Now, when A is square and nonsingular, considering a randomized version of the Gauss-Seidel method applied to the linear system (1) directly is an attractive alternative to the randomized Kaczmarz-type approaches, since under appropriate conditions on A it converges more rapidly and requires less work per iteration. This is known to be the case when A is hpd; see the papers [13] and [19] mentioned earlier. The main new contribution of the present work is a convergence analysis for randomized Gauss-Seidel also for the case when A is generalized diagonally dominant. An important methodological aspect of our work is that for A generalized diagonally dominant we do not directly relate Gauss-Seidel for (1) to an equivalent coordinate descent method for an appropriate convex functional. Our technique of proof will, nevertheless, rely on showing that the iterates x reduce—but, as opposed to gradient descent, do not necessarily minimize—a weighted ℓ₁-norm of the residual b − Ax. Note that ℓ₁-norms are not differentiable and that weighted ℓ₁ (and $\ell _{\infty }$) -norms arise canonically in the context of generalized diagonal dominance; see, e.g., [7, 34]. As a “by-product” of our analysis, we will also obtain convergence results of greedy choice algorithms of Gauss-Southwell type, see below.

In this paper, we consider general methods based on a splitting A = M − N so that with H = M^− 1N and c = M^− 1b one obtains the (affine) fixed point iteration

$$ \text{choose } x^{0}, \enspace x^{m+1} = Hx^{m} + c, \enspace {m}=0,1,\ldots $$

(2)

as an iterative solution method for Ax = b. In particular, the solution x^∗ of (1) is a fixed point of (2). Usually, the matrix H is never formed. Instead, a linear system with the coefficient matrix M is solved at each iteration m. In this general splitting framework, the Gauss-Seidel method is characterized by M being the lower triangular part of A, and the method is equivalent to relaxing one row at a time in the natural order 1,2,…,n. In other terms, if we write the classical Jacobi splitting A = D − B, D being the diagonal of A, then, with H = D^− 1B = I − D^− 1A, we have the following rendition of the Gauss-Seidel algorithm, using a “global” index k for each single relaxation.

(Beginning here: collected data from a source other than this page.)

(* For all $t>0$ and all Borel $V:\mathbb{R}^d\to\mathbb{R}$, $$r_*(V,t/2)\le(4\pi)^{-d/2}\|N(V,t)\|_\infty\le 2\,r_*(V,t/2).$$
   Context: $g(t,x,y)=(4\pi t)^{-d/2}e^{-|y-x|^2/(4t)}$; for $\alpha\in\mathbb{R}^d$, $p_\alpha(t,x,y)=g(t,x-2\alpha t,y)$. $r_*(V,t)=\sup_{\alpha,x\in\mathbb{R}^d}\int_0^t\int_{\mathbb{R}^d}p_\alpha(s,x,z)|V(z)|\,dz\,ds$. $N(V,t,x,y)=\int_0^{t/2}\int_{\mathbb{R}^d}\tau^{-d/2}e^{-|z-y+(\tau/t)(y-x)|^2/(4\tau)}|V(z)|\,dz\,d\tau+\int_{t/2}^t\int_{\mathbb{R}^d}(t-\tau)^{-d/2}e^{-|z-y+(\tau/t)(y-x)|^2/(4(t-\tau))}|V(z)|\,dz\,d\tau$, and $\|N(V,t)\|_\infty=\sup_{x,y\in\mathbb{R}^d}N(V,t,x,y)$. *)

theory Defs
  imports "HOL-Analysis.Analysis"
begin

definition gauss :: "real \<Rightarrow> 'a::euclidean_space \<Rightarrow> 'a \<Rightarrow> real" where
  "gauss t x y = (4 * pi * t) powr (- real DIM('a) / 2) * exp (- (norm (y - x))\<^sup>2 / (4 * t))"

definition pdrift :: "'a::euclidean_space \<Rightarrow> real \<Rightarrow> 'a \<Rightarrow> 'a \<Rightarrow> real" where
  "pdrift \<alpha> t x y = gauss t (x - (2 * t) *\<^sub>R \<alpha>) y"

definition rstar :: "('a::euclidean_space \<Rightarrow> real) \<Rightarrow> real \<Rightarrow> ennreal" where
  "rstar V t = (SUP (\<alpha>, x) \<in> UNIV.
      \<integral>\<^sup>+ s. indicator {0<..<t} s *
        (\<integral>\<^sup>+ z. ennreal (pdrift \<alpha> s x z * \<bar>V z\<bar>) \<partial>lborel) \<partial>lborel)"

definition Nfun :: "('a::euclidean_space \<Rightarrow> real) \<Rightarrow> real \<Rightarrow> 'a \<Rightarrow> 'a \<Rightarrow> ennreal" where
  "Nfun V t x y =
     (\<integral>\<^sup>+ \<tau>. indicator {0<..<t/2} \<tau> *
        (\<integral>\<^sup>+ z. ennreal (\<tau> powr (- real DIM('a) / 2) *
             exp (- (norm (z - y + (\<tau> / t) *\<^sub>R (y - x)))\<^sup>2 / (4 * \<tau>)) * \<bar>V z\<bar>) \<partial>lborel) \<partial>lborel)
   + (\<integral>\<^sup>+ \<tau>. indicator {t/2..<t} \<tau> *
        (\<integral>\<^sup>+ z. ennreal ((t - \<tau>) powr (- real DIM('a) / 2) *
             exp (- (norm (z - y + (\<tau> / t) *\<^sub>R (y - x)))\<^sup>2 / (4 * (t - \<tau>))) * \<bar>V z\<bar>) \<partial>lborel) \<partial>lborel)"

definition Nsup :: "('a::euclidean_space \<Rightarrow> real) \<Rightarrow> real \<Rightarrow> ennreal" where
  "Nsup V t = (SUP (x, y) \<in> UNIV. Nfun V t x y)"

end

theory Submission
  imports Defs
begin

text \<open>Up to the factor \<open>(4\<pi>)^{-d/2}\<close>, the first half of \<open>N(V,t,x,y)\<close> is the drifted heat
  potential of \<open>|V|\<close> started at \<open>y\<close> with drift \<open>\<alpha> = (y - x)/(2t)\<close>, over the time interval
  \<open>(0,t/2)\<close>; after the substitution \<open>\<tau> \<mapsto> t - \<tau>\<close> the second half is the same with the
  roles of \<open>x\<close> and \<open>y\<close> exchanged. Hence \<open>(4\<pi>)^{-d/2} N(V,t,x,y)\<close> is a sum of two of the
  quantities whose supremum is \<open>r_*(V,t/2)\<close>, which gives the upper bound; conversely every
  such quantity arises as the first summand for a suitable pair \<open>x, y\<close>, the second summand
  being nonnegative.\<close>

definition drift_potential :: "('a::euclidean_space \<Rightarrow> real) \<Rightarrow> real \<Rightarrow> 'a \<Rightarrow> 'a \<Rightarrow> ennreal" where
  "drift_potential V T \<alpha> x =
     (\<integral>\<^sup>+ s. indicator {0<..<T} s * (\<integral>\<^sup>+ z. ennreal (pdrift \<alpha> s x z * \<bar>V z\<bar>) \<partial>lborel) \<partial>lborel)"

lemma rstar_eq_SUP_drift_potential: "rstar V T = (SUP (\<alpha>, x) \<in> UNIV. drift_potential V T \<alpha> x)"
  unfolding rstar_def drift_potential_def ..

lemma pdrift_eq_mult:
  fixes \<alpha> w z :: "'a::euclidean_space"
  assumes "s > 0"
  shows "pdrift \<alpha> s w z = (4 * pi) powr (- real DIM('a) / 2) *
     (s powr (- real DIM('a) / 2) * exp (- (norm (z - w + (2 * s) *\<^sub>R \<alpha>))\<^sup>2 / (4 * s)))"
proof -
  have "(4 * pi * s) powr (- real DIM('a) / 2) =
      (4 * pi) powr (- real DIM('a) / 2) * s powr (- real DIM('a) / 2)"
    using assms by (simp add: powr_mult)
  moreover have "z - (w - (2 * s) *\<^sub>R \<alpha>) = z - w + (2 * s) *\<^sub>R \<alpha>"
    by (simp add: algebra_simps)
  ultimately show ?thesis
    unfolding pdrift_def gauss_def by (simp only: mult.assoc)
qed

lemma nn_integral_pdrift_eq_cmult:
  fixes V :: "'a::euclidean_space \<Rightarrow> real" and \<alpha> w :: 'a
  assumes "s > 0" and [measurable]: "V \<in> borel_measurable borel"
  shows "(\<integral>\<^sup>+ z. ennreal (pdrift \<alpha> s w z * \<bar>V z\<bar>) \<partial>lborel) =
    ennreal ((4 * pi) powr (- real DIM('a) / 2)) *
    (\<integral>\<^sup>+ z. ennreal (s powr (- real DIM('a) / 2) *
       exp (- (norm (z - w + (2 * s) *\<^sub>R \<alpha>))\<^sup>2 / (4 * s)) * \<bar>V z\<bar>) \<partial>lborel)"
proof -
  have "(\<integral>\<^sup>+ z. ennreal (pdrift \<alpha> s w z * \<bar>V z\<bar>) \<partial>lborel) =
    (\<integral>\<^sup>+ z. ennreal ((4 * pi) powr (- real DIM('a) / 2)) * ennreal (s powr (- real DIM('a) / 2) *
       exp (- (norm (z - w + (2 * s) *\<^sub>R \<alpha>))\<^sup>2 / (4 * s)) * \<bar>V z\<bar>) \<partial>lborel)"
    by (intro nn_integral_cong)
      (simp add: pdrift_eq_mult[OF assms(1)] ennreal_mult[symmetric] mult.assoc)
  also have "\<dots> = ennreal ((4 * pi) powr (- real DIM('a) / 2)) *
    (\<integral>\<^sup>+ z. ennreal (s powr (- real DIM('a) / 2) *
       exp (- (norm (z - w + (2 * s) *\<^sub>R \<alpha>))\<^sup>2 / (4 * s)) * \<bar>V z\<bar>) \<partial>lborel)"
    by (rule nn_integral_cmult) measurable
  finally show ?thesis .
qed

lemma cmult_nn_integral_eq_drift_potential:
  fixes V :: "'a::euclidean_space \<Rightarrow> real" and v w :: 'a
  assumes t: "t > 0" and [measurable]: "V \<in> borel_measurable borel"
  shows "ennreal ((4 * pi) powr (- real DIM('a) / 2)) *
     (\<integral>\<^sup>+ \<tau>. indicator {0<..<T} \<tau> *
        (\<integral>\<^sup>+ z. ennreal (\<tau> powr (- real DIM('a) / 2) *
             exp (- (norm (z - w + (\<tau> / t) *\<^sub>R v))\<^sup>2 / (4 * \<tau>)) * \<bar>V z\<bar>) \<partial>lborel) \<partial>lborel)
   = drift_potential V T ((1 / (2 * t)) *\<^sub>R v) w"
proof -
  have drift: "(2 * s) *\<^sub>R ((1 / (2 * t)) *\<^sub>R v) = (s / t) *\<^sub>R v" for s
    using t by simp
  show ?thesis
    unfolding drift_potential_def
    by (subst nn_integral_cmult[symmetric], measurable)
      (auto intro!: nn_integral_cong simp: indicator_def nn_integral_pdrift_eq_cmult drift)
qed

lemma Nfun_second_half_reflect:
  fixes V :: "'a::euclidean_space \<Rightarrow> real" and x y :: 'a
  assumes t: "t > 0" and [measurable]: "V \<in> borel_measurable borel"
  shows "(\<integral>\<^sup>+ \<tau>. indicator {t/2..<t} \<tau> *
        (\<integral>\<^sup>+ z. ennreal ((t - \<tau>) powr (- real DIM('a) / 2) *
             exp (- (norm (z - y + (\<tau> / t) *\<^sub>R (y - x)))\<^sup>2 / (4 * (t - \<tau>))) * \<bar>V z\<bar>) \<partial>lborel) \<partial>lborel)
   = (\<integral>\<^sup>+ \<sigma>. indicator {0<..<t/2} \<sigma> *
        (\<integral>\<^sup>+ z. ennreal (\<sigma> powr (- real DIM('a) / 2) *
             exp (- (norm (z - x + (\<sigma> / t) *\<^sub>R (x - y)))\<^sup>2 / (4 * \<sigma>)) * \<bar>V z\<bar>) \<partial>lborel) \<partial>lborel)"
    (is "(\<integral>\<^sup>+ \<tau>. ?f \<tau> \<partial>lborel) = _")
proof -
  have [measurable]: "?f \<in> borel_measurable borel"
    by measurable
  have shift: "z - y + ((t - \<sigma>) / t) *\<^sub>R (y - x) = z - x + (\<sigma> / t) *\<^sub>R (x - y)" for z \<sigma>
    using t by (simp add: diff_divide_distrib algebra_simps)
  have "(\<integral>\<^sup>+ \<tau>. ?f \<tau> \<partial>lborel) = ennreal \<bar>-1\<bar> * (\<integral>\<^sup>+ \<sigma>. ?f (t + -1 * \<sigma>) \<partial>lborel)"
    by (rule nn_integral_real_affine) measurable
  also have "\<dots> = (\<integral>\<^sup>+ \<sigma>. indicator {0<..<t/2} \<sigma> *
        (\<integral>\<^sup>+ z. ennreal (\<sigma> powr (- real DIM('a) / 2) *
             exp (- (norm (z - x + (\<sigma> / t) *\<^sub>R (x - y)))\<^sup>2 / (4 * \<sigma>)) * \<bar>V z\<bar>) \<partial>lborel) \<partial>lborel)"
    \<comment> \<open>the reflected interval \<open>(0,t/2]\<close> differs from \<open>(0,t/2)\<close> by the null set \<open>{t/2}\<close>\<close>
    by simp (intro nn_integral_cong_AE eventually_mono[OF AE_lborel_singleton[of "t/2"]],
      auto simp: indicator_def shift)
  finally show ?thesis .
qed

lemma cmult_Nfun_eq_drift_potentials:
  fixes V :: "'a::euclidean_space \<Rightarrow> real" and x y :: 'a
  assumes "t > 0" and "V \<in> borel_measurable borel"
  shows "ennreal ((4 * pi) powr (- real DIM('a) / 2)) * Nfun V t x y =
    drift_potential V (t/2) ((1 / (2 * t)) *\<^sub>R (y - x)) y +
    drift_potential V (t/2) ((1 / (2 * t)) *\<^sub>R (x - y)) x"
  unfolding Nfun_def distrib_left Nfun_second_half_reflect[OF assms]
    cmult_nn_integral_eq_drift_potential[OF assms] ..

theorem lemma2p1:
  fixes V :: "'a::euclidean_space \<Rightarrow> real" and t :: real
  assumes "t > 0" and "V \<in> borel_measurable borel"
  shows "rstar V (t/2) \<le> ennreal ((4 * pi) powr (- real DIM('a) / 2)) * Nsup V t
       \<and> ennreal ((4 * pi) powr (- real DIM('a) / 2)) * Nsup V t \<le> 2 * rstar V (t/2)"
proof
  define c where "c = ennreal ((4 * pi) powr (- real DIM('a) / 2))"
  have cN: "c * Nfun V t x y = drift_potential V (t/2) ((1 / (2 * t)) *\<^sub>R (y - x)) y +
      drift_potential V (t/2) ((1 / (2 * t)) *\<^sub>R (x - y)) x" for x y
    unfolding c_def by (rule cmult_Nfun_eq_drift_potentials[OF assms])
  have le_rstar: "drift_potential V (t/2) \<alpha> x \<le> rstar V (t/2)" for \<alpha> x
    unfolding rstar_eq_SUP_drift_potential by (rule SUP_upper2[of "(\<alpha>, x)"]) auto
  show "rstar V (t/2) \<le> c * Nsup V t"
    unfolding rstar_eq_SUP_drift_potential
  proof (safe intro!: SUP_least)
    fix \<alpha> x :: 'a
    have "(1 / (2 * t)) *\<^sub>R (x - (x - (2 * t) *\<^sub>R \<alpha>)) = \<alpha>"
      using assms(1) by simp
    then have "drift_potential V (t/2) \<alpha> x \<le> c * Nfun V t (x - (2 * t) *\<^sub>R \<alpha>) x"
      unfolding cN by simp
    also have "\<dots> \<le> c * Nsup V t"
      unfolding Nsup_def by (intro mult_left_mono SUP_upper2[of "(x - (2 * t) *\<^sub>R \<alpha>, x)"]) auto
    finally show "drift_potential V (t/2) \<alpha> x \<le> c * Nsup V t" .
  qed
  have "c * Nfun V t x y \<le> 2 * rstar V (t/2)" for x y
    unfolding cN mult_2 by (intro add_mono le_rstar)
  then show "c * Nsup V t \<le> 2 * rstar V (t/2)"
    unfolding Nsup_def by (auto simp: SUP_mult_left_ennreal intro!: SUP_least)
qed

end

Each update from k to k + 1 is termed one relaxation, and n such relaxations, since they are done one after the other, correspond to one iteration m in (2) with H = (D − L)^− 1U, where − L and − U denote the lower and upper triangular part of A, respectively (and B = L + U). So, n successive relaxations of a “Jacobi-type,” i.e., with H = I − D^− 1B, performed in the natural order 1,2,…,n, are identical to one iteration of Gauss-Seidel.

Gauss in fact proposed another method, later popularized by Southwell, and known either as Southwell method or as Gauss-Southwell method; see, e.g., the historic review of these developments in [27]. We describe this method in Algorithm 1 for a general splitting based method where H = M^− 1N with A = M − N. The Gauss-Southwell method arises for H = D^− 1B. The original Gauss-Southwell method selects the component i to be relaxed as the one at which the residual r^k = b − Ax^k is largest, i.e., it takes i for which

$$ |{r_{i}^{k}}| = \max_{j=1}^{n} |{r_{j}^{k}}|. $$

(3)

As a consequence, we are not updating components in a prescribed order, but rather choose the row to relax to be the one for which the current residual has its largest component. This can be considered a greedy pick strategy, and we formulate Algorithm 2 in a manner to allow for general greedy pick rules.

A generalization of the greedy pick rule (3) is to fix weights β_i > 0 and choose i such that

$$ \beta_{i} |{r_{i}^{k}}| = \max_{j=1}^{n} \beta_{j} |{r_{j}^{k}}|, $$

(4)

cf. [13], and we will see later that for appropriate choices of the β_i we can prove better convergence bounds than for the standard greedy pick rule (3).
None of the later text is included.